REQUIRED WORK = A single stretch of the material below is to be transcribed exactly, starting at the line with "Some t' \<Longrightarrow>" and ending after the line with "Y (rescale k".
[Opening WORKING DATA section]
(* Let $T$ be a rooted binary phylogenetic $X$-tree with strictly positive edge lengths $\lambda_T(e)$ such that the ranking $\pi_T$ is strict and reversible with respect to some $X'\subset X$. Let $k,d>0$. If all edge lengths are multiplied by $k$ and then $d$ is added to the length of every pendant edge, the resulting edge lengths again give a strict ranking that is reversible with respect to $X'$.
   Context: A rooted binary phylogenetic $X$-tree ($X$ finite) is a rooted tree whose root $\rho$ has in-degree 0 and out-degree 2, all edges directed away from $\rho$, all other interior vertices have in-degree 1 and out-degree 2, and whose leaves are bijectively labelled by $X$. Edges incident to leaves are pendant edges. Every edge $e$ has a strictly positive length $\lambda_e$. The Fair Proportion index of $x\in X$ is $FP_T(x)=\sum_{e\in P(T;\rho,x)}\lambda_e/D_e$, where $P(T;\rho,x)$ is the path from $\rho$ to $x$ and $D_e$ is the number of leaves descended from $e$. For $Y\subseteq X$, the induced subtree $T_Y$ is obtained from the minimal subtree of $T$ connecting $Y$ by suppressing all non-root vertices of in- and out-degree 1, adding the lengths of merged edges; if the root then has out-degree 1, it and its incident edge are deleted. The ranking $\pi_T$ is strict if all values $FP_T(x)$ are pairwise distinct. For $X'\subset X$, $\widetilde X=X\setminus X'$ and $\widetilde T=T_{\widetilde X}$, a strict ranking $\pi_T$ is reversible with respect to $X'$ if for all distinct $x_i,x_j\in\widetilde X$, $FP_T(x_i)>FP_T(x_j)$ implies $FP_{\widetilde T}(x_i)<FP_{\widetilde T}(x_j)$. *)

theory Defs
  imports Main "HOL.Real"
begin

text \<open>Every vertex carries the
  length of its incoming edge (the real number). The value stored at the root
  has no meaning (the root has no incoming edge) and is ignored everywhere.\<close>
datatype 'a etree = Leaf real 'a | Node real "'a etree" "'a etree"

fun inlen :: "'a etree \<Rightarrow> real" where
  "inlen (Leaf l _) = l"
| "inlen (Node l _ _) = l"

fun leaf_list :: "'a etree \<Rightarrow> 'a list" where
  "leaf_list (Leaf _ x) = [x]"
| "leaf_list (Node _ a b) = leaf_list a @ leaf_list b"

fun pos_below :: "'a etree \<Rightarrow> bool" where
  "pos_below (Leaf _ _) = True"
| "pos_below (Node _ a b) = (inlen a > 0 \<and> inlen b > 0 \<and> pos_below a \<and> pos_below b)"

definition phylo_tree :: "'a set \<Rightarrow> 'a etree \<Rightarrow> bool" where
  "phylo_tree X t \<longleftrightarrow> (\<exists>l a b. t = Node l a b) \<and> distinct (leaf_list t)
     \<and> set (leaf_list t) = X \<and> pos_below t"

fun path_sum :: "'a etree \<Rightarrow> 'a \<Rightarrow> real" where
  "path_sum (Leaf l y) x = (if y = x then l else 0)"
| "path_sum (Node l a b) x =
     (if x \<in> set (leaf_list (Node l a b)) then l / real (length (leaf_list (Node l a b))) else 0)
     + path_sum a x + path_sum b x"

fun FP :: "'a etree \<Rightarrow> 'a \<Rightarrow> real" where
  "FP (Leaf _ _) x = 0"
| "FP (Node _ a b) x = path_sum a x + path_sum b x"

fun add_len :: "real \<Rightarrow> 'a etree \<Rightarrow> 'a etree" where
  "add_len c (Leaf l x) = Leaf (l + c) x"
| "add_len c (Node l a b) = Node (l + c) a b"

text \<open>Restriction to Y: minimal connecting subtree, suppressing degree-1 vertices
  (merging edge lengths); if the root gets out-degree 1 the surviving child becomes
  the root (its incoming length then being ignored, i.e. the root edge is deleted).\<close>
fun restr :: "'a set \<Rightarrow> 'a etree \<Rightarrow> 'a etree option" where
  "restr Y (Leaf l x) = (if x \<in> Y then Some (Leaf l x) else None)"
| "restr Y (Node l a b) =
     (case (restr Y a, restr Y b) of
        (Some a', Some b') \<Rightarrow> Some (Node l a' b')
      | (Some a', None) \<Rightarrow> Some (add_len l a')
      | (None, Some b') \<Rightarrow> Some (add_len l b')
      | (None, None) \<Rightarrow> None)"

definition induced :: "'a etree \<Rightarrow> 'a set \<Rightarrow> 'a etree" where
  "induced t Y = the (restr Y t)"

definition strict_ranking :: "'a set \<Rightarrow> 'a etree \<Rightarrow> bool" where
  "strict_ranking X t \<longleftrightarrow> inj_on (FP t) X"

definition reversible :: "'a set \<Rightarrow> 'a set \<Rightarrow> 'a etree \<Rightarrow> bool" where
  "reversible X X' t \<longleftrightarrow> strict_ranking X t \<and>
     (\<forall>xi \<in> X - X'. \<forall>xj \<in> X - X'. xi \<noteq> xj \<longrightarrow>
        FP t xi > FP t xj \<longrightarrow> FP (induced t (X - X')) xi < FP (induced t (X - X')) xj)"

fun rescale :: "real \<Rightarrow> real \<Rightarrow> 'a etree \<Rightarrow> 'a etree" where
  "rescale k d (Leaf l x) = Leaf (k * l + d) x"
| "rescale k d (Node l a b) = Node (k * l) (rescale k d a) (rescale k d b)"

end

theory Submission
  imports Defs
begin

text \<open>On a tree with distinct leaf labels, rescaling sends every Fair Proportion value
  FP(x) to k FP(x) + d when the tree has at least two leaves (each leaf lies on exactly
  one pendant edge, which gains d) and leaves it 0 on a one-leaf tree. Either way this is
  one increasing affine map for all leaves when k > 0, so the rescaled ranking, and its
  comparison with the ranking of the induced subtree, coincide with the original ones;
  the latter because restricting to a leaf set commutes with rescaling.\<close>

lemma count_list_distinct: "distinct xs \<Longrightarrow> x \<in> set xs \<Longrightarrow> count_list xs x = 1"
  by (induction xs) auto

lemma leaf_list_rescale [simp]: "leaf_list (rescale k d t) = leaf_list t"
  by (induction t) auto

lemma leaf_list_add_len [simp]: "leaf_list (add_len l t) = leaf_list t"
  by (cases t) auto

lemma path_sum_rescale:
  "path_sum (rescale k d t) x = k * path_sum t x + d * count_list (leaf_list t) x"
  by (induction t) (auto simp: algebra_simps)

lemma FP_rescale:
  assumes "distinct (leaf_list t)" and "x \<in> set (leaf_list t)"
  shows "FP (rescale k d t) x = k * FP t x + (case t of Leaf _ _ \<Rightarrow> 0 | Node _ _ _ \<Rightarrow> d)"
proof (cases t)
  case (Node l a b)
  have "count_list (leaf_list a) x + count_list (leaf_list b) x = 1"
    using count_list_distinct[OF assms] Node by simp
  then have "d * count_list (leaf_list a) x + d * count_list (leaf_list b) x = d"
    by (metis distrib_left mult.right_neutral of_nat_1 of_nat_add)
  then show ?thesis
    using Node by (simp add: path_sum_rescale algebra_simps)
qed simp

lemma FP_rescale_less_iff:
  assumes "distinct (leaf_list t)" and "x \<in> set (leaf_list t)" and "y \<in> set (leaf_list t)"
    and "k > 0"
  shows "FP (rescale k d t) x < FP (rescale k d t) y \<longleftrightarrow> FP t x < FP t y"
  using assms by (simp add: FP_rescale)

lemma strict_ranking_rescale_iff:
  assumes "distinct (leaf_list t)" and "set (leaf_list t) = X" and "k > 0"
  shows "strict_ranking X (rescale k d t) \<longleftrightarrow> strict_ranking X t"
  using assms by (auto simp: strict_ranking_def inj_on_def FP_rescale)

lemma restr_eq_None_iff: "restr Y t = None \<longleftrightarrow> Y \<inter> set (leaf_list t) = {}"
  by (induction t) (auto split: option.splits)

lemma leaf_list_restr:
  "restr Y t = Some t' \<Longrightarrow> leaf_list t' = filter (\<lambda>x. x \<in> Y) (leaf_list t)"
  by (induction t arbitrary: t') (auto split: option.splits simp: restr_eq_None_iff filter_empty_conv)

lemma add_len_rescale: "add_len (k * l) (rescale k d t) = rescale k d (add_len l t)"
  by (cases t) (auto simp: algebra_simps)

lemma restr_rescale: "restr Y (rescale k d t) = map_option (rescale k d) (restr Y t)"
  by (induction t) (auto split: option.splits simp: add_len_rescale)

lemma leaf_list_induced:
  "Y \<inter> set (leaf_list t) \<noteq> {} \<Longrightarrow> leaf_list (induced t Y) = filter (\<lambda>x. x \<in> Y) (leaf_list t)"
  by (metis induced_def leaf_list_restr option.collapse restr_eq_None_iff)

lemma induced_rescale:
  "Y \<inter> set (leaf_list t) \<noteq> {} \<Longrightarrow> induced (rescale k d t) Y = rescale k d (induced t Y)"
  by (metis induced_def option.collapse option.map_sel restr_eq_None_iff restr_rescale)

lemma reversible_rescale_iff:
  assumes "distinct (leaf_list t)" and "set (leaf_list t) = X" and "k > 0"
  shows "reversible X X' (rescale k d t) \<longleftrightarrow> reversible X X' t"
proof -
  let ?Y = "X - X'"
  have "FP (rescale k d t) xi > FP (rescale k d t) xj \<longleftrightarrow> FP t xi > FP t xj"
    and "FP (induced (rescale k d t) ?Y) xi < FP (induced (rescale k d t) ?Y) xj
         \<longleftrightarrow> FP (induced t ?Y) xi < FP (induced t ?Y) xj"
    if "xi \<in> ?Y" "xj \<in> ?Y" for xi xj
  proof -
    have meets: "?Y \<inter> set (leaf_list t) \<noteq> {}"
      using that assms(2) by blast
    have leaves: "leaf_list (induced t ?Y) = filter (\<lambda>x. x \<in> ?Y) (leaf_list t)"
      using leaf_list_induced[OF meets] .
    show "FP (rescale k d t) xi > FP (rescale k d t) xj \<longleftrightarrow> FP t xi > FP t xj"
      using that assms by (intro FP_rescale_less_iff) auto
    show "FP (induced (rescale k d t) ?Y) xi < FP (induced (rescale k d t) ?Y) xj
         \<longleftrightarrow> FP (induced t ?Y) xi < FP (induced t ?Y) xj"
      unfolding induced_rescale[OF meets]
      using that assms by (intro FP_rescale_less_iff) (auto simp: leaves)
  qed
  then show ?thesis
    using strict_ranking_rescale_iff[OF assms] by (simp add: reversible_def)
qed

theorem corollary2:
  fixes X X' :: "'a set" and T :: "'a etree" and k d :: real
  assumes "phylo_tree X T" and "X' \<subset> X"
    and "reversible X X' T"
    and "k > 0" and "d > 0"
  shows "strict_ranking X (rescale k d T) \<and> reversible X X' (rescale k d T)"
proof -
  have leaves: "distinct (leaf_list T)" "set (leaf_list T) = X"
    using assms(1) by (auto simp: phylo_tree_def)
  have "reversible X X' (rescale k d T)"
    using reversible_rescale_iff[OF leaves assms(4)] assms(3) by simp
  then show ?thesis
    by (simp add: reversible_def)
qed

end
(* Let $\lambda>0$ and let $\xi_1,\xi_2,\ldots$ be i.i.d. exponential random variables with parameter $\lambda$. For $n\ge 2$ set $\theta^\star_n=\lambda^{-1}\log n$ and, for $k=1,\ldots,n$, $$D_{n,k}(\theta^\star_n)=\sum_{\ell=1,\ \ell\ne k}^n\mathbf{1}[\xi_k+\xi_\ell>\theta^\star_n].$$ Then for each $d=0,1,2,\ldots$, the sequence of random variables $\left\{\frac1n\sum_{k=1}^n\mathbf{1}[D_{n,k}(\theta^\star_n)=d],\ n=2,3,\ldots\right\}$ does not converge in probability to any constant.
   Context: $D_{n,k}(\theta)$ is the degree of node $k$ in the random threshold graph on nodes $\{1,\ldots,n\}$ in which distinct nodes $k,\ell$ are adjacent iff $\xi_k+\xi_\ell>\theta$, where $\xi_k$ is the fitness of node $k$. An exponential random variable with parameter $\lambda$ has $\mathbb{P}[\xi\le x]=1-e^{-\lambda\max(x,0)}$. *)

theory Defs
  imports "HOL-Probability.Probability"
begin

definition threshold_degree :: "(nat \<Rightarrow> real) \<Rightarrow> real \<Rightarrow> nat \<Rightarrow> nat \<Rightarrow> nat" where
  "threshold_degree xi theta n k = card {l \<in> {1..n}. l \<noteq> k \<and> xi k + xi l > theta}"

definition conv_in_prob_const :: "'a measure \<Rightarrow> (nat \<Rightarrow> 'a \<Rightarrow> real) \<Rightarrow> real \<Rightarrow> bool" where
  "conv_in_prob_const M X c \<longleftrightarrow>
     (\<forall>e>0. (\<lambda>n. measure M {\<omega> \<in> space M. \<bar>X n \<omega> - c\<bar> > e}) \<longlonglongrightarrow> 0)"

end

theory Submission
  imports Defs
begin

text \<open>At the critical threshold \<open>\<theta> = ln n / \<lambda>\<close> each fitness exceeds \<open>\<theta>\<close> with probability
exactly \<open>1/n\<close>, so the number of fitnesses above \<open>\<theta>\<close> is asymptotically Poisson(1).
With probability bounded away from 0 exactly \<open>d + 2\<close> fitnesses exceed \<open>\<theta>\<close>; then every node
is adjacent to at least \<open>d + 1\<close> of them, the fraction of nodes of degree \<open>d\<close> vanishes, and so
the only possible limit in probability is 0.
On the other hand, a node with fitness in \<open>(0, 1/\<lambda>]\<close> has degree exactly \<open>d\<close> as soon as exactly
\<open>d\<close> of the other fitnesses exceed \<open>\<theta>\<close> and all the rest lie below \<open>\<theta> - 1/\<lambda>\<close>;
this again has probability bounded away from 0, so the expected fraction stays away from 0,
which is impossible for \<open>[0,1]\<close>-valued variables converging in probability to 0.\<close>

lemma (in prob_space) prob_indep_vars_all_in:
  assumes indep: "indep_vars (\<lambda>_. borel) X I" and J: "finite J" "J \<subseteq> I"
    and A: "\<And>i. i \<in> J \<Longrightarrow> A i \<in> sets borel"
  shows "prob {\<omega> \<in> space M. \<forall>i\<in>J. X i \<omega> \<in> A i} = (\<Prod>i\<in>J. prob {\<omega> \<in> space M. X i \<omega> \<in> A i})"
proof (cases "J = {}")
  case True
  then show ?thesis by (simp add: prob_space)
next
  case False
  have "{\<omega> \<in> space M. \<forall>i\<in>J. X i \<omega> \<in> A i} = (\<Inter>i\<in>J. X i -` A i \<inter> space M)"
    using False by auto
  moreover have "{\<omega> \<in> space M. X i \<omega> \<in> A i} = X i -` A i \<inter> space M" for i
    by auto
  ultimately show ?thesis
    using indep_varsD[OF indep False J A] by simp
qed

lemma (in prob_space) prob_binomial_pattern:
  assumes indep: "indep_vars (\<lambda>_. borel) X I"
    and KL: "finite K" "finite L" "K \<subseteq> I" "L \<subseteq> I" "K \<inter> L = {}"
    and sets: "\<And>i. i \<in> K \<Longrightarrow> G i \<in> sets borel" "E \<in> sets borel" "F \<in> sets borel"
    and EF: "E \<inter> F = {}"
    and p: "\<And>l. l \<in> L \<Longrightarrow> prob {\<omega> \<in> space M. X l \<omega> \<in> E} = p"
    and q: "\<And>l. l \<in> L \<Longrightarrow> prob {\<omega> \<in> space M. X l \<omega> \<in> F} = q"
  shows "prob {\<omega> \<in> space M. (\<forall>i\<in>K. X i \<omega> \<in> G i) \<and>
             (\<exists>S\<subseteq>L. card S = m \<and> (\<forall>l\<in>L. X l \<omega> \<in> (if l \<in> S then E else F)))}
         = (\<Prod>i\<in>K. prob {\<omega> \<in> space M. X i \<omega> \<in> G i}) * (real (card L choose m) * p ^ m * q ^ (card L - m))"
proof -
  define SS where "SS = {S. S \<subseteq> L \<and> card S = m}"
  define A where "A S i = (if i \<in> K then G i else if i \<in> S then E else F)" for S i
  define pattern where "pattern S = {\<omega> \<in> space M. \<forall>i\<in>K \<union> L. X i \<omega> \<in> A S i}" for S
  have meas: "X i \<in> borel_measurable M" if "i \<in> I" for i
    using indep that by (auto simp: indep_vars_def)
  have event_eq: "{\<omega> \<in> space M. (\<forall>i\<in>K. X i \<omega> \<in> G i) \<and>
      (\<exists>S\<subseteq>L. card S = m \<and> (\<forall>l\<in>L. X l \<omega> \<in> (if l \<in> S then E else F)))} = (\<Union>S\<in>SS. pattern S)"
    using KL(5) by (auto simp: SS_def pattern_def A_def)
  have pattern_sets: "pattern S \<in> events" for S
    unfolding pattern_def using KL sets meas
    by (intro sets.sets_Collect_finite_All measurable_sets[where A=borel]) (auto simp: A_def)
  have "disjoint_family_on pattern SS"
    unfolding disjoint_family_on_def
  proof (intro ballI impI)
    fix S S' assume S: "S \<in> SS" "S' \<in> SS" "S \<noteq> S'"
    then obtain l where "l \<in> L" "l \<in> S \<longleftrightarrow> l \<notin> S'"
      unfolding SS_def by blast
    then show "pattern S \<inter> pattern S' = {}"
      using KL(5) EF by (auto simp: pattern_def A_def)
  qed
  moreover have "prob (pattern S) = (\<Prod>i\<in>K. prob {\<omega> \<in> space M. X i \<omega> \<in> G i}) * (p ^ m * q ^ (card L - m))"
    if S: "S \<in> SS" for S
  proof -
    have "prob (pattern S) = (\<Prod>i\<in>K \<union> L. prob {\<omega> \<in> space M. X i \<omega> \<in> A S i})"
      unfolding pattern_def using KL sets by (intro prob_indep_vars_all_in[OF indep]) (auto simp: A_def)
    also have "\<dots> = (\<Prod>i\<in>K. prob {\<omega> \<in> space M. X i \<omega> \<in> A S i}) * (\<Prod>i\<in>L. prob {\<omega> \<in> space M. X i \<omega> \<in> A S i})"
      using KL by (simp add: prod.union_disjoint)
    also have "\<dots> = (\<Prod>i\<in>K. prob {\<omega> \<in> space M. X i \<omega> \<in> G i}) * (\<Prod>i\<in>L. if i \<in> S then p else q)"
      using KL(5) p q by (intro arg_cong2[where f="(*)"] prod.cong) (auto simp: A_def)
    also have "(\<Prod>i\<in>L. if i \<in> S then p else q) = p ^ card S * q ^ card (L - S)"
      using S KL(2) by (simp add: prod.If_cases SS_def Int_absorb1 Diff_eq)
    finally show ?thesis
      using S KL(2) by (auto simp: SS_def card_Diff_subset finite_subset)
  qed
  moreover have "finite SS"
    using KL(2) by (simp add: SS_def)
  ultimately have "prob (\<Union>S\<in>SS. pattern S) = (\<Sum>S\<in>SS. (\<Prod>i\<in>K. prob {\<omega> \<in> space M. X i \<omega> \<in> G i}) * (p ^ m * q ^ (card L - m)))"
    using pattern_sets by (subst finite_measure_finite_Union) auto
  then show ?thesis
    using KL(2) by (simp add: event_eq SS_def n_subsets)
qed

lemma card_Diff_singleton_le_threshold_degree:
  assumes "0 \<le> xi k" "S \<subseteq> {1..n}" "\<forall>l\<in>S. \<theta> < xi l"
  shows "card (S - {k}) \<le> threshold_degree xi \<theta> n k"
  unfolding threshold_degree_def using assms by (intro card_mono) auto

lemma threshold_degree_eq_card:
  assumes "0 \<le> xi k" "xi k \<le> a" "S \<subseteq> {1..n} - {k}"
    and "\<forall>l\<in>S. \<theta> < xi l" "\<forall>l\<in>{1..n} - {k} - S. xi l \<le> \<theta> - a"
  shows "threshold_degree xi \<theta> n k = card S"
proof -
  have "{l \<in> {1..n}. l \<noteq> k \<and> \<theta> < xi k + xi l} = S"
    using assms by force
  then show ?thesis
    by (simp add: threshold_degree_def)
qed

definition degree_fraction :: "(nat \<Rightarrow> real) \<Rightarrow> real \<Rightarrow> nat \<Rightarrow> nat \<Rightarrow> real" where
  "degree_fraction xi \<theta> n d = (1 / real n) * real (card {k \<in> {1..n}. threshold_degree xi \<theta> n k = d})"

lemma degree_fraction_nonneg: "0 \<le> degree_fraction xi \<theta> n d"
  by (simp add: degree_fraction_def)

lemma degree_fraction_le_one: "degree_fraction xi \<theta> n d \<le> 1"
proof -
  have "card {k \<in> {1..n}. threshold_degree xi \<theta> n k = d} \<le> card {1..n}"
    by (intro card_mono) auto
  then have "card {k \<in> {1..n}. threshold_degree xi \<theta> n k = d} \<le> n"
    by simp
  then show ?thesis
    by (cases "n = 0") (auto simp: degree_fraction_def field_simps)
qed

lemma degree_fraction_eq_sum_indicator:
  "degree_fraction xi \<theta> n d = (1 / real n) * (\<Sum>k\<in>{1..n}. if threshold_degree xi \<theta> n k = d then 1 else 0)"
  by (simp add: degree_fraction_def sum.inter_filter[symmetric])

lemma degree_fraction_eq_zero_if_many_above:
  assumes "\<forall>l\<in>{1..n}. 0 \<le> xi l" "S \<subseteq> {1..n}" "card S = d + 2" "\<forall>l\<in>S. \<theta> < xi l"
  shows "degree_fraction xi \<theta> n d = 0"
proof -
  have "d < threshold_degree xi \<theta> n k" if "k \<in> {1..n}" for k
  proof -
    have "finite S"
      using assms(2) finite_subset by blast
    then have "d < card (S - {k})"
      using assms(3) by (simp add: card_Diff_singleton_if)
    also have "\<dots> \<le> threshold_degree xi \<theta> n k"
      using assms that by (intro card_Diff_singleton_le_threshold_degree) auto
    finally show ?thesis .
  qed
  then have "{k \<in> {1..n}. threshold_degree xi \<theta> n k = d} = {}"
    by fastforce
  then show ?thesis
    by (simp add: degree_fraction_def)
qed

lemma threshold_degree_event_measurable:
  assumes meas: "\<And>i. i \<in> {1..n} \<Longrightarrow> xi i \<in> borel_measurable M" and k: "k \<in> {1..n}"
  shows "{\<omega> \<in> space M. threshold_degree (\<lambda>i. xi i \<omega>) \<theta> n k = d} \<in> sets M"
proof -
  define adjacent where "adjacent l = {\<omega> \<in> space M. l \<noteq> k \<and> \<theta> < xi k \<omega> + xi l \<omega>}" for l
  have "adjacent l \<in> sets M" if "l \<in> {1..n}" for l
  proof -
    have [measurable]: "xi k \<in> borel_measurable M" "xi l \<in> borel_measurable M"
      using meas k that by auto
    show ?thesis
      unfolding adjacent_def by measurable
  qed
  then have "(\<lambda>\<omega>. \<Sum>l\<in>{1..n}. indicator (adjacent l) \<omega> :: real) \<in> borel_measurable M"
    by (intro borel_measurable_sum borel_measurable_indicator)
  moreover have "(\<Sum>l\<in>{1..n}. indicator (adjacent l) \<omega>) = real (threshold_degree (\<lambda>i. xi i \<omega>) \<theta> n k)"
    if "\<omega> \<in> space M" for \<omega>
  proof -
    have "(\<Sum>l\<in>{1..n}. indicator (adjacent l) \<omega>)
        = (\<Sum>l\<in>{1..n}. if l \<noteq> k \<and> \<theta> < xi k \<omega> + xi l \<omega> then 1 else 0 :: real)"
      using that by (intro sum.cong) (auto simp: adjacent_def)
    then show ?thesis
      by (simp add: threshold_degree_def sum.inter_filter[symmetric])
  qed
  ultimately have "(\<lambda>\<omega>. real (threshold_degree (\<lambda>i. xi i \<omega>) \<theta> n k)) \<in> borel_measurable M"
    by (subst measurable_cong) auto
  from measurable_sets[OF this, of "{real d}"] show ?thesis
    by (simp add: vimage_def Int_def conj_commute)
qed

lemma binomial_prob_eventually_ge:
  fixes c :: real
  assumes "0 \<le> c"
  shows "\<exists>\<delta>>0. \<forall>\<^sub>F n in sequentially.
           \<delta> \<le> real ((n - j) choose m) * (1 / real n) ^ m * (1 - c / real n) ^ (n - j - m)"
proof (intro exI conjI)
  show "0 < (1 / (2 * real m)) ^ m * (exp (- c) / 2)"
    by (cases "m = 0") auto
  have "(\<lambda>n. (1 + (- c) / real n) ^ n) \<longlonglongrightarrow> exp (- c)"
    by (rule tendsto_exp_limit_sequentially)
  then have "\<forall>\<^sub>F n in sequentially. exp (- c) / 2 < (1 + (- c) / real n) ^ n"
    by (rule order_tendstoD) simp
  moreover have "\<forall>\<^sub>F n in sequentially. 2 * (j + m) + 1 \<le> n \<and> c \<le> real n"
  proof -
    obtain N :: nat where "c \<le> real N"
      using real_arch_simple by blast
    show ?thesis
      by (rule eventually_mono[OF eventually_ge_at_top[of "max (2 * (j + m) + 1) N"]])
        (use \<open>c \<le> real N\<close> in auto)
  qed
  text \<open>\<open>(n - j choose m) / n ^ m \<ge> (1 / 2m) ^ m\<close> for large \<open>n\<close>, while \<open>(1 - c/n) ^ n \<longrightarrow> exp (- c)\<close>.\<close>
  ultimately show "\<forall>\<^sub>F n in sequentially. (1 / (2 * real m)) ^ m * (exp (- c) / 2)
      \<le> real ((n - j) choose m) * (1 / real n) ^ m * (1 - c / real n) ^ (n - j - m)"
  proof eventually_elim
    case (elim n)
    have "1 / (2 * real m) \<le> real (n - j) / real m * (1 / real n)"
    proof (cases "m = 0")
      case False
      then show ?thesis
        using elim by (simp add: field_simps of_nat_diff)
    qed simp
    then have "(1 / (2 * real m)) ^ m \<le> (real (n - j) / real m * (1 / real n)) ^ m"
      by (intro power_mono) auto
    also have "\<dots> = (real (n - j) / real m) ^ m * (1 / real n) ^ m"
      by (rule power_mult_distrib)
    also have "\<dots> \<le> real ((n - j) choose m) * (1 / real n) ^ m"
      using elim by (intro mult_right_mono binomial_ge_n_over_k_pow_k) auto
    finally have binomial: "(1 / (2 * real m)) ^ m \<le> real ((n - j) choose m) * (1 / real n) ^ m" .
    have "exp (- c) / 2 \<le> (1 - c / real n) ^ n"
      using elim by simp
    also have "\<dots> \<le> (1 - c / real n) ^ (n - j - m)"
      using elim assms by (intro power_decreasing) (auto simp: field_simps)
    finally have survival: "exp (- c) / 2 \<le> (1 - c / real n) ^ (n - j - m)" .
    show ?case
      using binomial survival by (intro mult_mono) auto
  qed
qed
[Closing WORKING DATA section]
TASK OUTPUT =
  "restr Y t = Some t' \<Longrightarrow> leaf_list t' = filter (\<lambda>x. x \<in> Y) (leaf_list t)"
  by (induction t arbitrary: t') (auto split: option.splits simp: restr_eq_None_iff filter_empty_conv)

lemma add_len_rescale: "add_len (k * l) (rescale k d t) = rescale k d (add_len l t)"
  by (cases t) (auto simp: algebra_simps)

lemma restr_rescale: "restr Y (rescale k d t) = map_option (rescale k d) (restr Y t)"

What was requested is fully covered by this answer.